On the other side of the Rhine, opposite Mannheim, one finds Bavaria again, as a result of the odious slashings and jobbings of the Treaties of Paris, Vienna and Aix-la-Chapelle. Every one cut out his share with scissors, without any regard for reason, humanity or justice, without troubling about the slice of population that fell into a pair of royal chops.
The Palatinate.
Driving through the Cisrhenan Palatinate, I reflected how this country had once formed a department of France, how white Gaul was girt about by the Rhine, the "blue sash" of Germany. Napoleon and the Republic before him had realized the dream of several of our kings, above all of Louis XIV. So long as we do not occupy our natural frontiers, there will be war in Europe, because the interest of self-preservation drives France to seize the boundaries necessary to her national independence. Here we have planted trophies to claim back in due season.
The plain between the Rhine and the Monts Tonnerre looks sad; earth and men seem to say that their fate is not settled, that they belong to no people; they appear to be expecting new invasions, as it were new river-floods. The Germans of Tacitus devastated great spaces on their frontiers and left them empty between these and their enemies. Woe to the border populations that till the battlefields on which the nations are to meet!

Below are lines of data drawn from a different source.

(* Let $m=2$ attributes take values in $\{1,\dots,d\}$, let $\mathcal{Z}^{\mathsf{train}}\subseteq\{1,\dots,d\}^2$, and consider the graph on $\mathcal{Z}^{\mathsf{train}}$ in which two attribute vectors are adjacent iff their Hamming distance is one. Let $C_1,\dots,C_K$ be the maximal connected components of this graph, so $\mathcal{Z}^{\mathsf{train}}=C_1\cup\dots\cup C_K$. Then: (i) if a connected component $C$ is contiguous, then $\mathsf{DAff}(C)$ equals the smallest subgrid containing $C$; (ii) if $C_1,\dots,C_K$ are all contiguous, then $\mathsf{DAff}(C_1\cup\dots\cup C_K)$ equals the union over $j$ of the smallest subgrids containing $C_j$.
   Context: For $z=(z_1,z_2)$, $\sigma(z)\in\{0,1\}^{2d}$ is the concatenation of the one-hot encodings of $z_1,z_2$, and for finite $\mathcal{A}=\{z^{(1)},\dots,z^{(k)}\}\subseteq\{1,\dots,d\}^2$, $\mathsf{DAff}(\mathcal{A})=\{z\in\{1,\dots,d\}^2:\exists\alpha\in\mathbb{R}^k,\ \sum_i\alpha_i=1,\ \sigma(z)=\sum_i\alpha_i\sigma(z^{(i)})\}$. A set $C$ is contiguous if for each coordinate $j\in\{1,2\}$, with $\min_j,\max_j$ the smallest and largest values of the $j$-th coordinate over $C$, every value in $\{\min_j,\min_j+1,\dots,\max_j\}$ is taken by the $j$-th coordinate of some point of $C$. The smallest subgrid containing such $C$ is $\{\min_1,\dots,\max_1\}\times\{\min_2,\dots,\max_2\}$. *)

theory Defs
  imports Complex_Main
begin

type_synonym attr = "nat \<times> nat"

text \<open>sigma(z) in {0,1}^{2d}: coordinates 1..d one-hot encode z_1, coordinates d+1..2d one-hot encode z_2
  (all other indices are 0).\<close>
definition sigma :: "nat \<Rightarrow> attr \<Rightarrow> nat \<Rightarrow> real" where
  "sigma d z i = (if i = fst z then 1 else 0) + (if i = d + snd z then 1 else 0)"

definition grid :: "nat \<Rightarrow> attr set" where
  "grid d = {1..d} \<times> {1..d}"

definition DAff :: "nat \<Rightarrow> attr set \<Rightarrow> attr set" where
  "DAff d A = {z \<in> grid d. \<exists>\<alpha> :: attr \<Rightarrow> real. (\<Sum>a\<in>A. \<alpha> a) = 1 \<and>
                 (\<forall>i. sigma d z i = (\<Sum>a\<in>A. \<alpha> a * sigma d a i))}"

definition hamming1 :: "attr \<Rightarrow> attr \<Rightarrow> bool" where
  "hamming1 z w \<longleftrightarrow> (fst z = fst w \<and> snd z \<noteq> snd w) \<or> (fst z \<noteq> fst w \<and> snd z = snd w)"

definition adjZ :: "attr set \<Rightarrow> attr \<Rightarrow> attr \<Rightarrow> bool" where
  "adjZ Z z w \<longleftrightarrow> z \<in> Z \<and> w \<in> Z \<and> hamming1 z w"

definition component :: "attr set \<Rightarrow> attr set \<Rightarrow> bool" where
  "component Z C \<longleftrightarrow> (\<exists>z\<in>Z. C = {w. (adjZ Z)\<^sup>*\<^sup>* z w})"

definition contiguous :: "attr set \<Rightarrow> bool" where
  "contiguous C \<longleftrightarrow>
     (\<forall>v. Min (fst ` C) \<le> v \<and> v \<le> Max (fst ` C) \<longrightarrow> v \<in> fst ` C) \<and>
     (\<forall>v. Min (snd ` C) \<le> v \<and> v \<le> Max (snd ` C) \<longrightarrow> v \<in> snd ` C)"

definition subgrid :: "attr set \<Rightarrow> attr set" where
  "subgrid C = {Min (fst ` C)..Max (fst ` C)} \<times> {Min (snd ` C)..Max (snd ` C)}"

end

theory Submission
  imports Defs
begin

As I approached ——, I saw a sad sight: a wood of young fir-trees, five or six feet high, felled and bound into faggots, a forest mown like grass. I have spoken of the cemetery of Lucerne, where the children's burials throng on one side. I never felt more keenly the need to end my wanderings, to die under the protection of a friendly hand laid upon my heart to interrogate it, when they shall say:
"It has stopped beating."
From the edge of my tomb I would like to be able to cast back a glance of satisfaction over my many years, just as a pontiff, on reaching the sanctuary, blesses the long line of the priests who have served as his retinue.
Louvois[32] burnt down the Palatinate; unfortunately it was Turenne's hand that held the torch. The Revolution laid waste the same country, the witness and victim by turns of our aristocratic and plebeian struggles. It is enough to name the warriors to judge of the difference of the times: on the one side, Condé, Turenne, Créqui[33], Luxembourg, La Force[34], Villars[35]; on the other, Kellermann, Hoche, Pichegru, Moreau. Let us deny none of our victories; military glories especially have known only enemies of France and held only one opinion: on the battle-field, honour and danger level all ranks. Our fathers called the blood that flowed from a non-mortal wound "volatile blood:" a phrase typical of the contempt for death natural to Frenchmen in every century. Institutions can alter nothing in this national genius. The soldiers who, after the death of Turenne[36], said, "Let the Pie loose, we shall encamp where she stops," would have been quite as good as Napoleon's grenadiers.
On the heights of Dunkheim, the first rampart of the Gauls on that side, one discovers the seats of camps and military positions to-day empty of soldiers: Burgundians, Franks, Goths, Huns, Suevi, so many waves of the Barbarian deluge, have by turns assailed those heights.
Not far from Dunkheim, one sees the remains of a monastery. The monks enclosed within that retreat had seen many armies passing round at their feet; they had shown hospitality to many warriors; there some crusader had ended his life, changed his helm for the frock; there were passions which called for silence and rest before the last rest and the last silence. Did they find what they sought? Those ruins will not tell.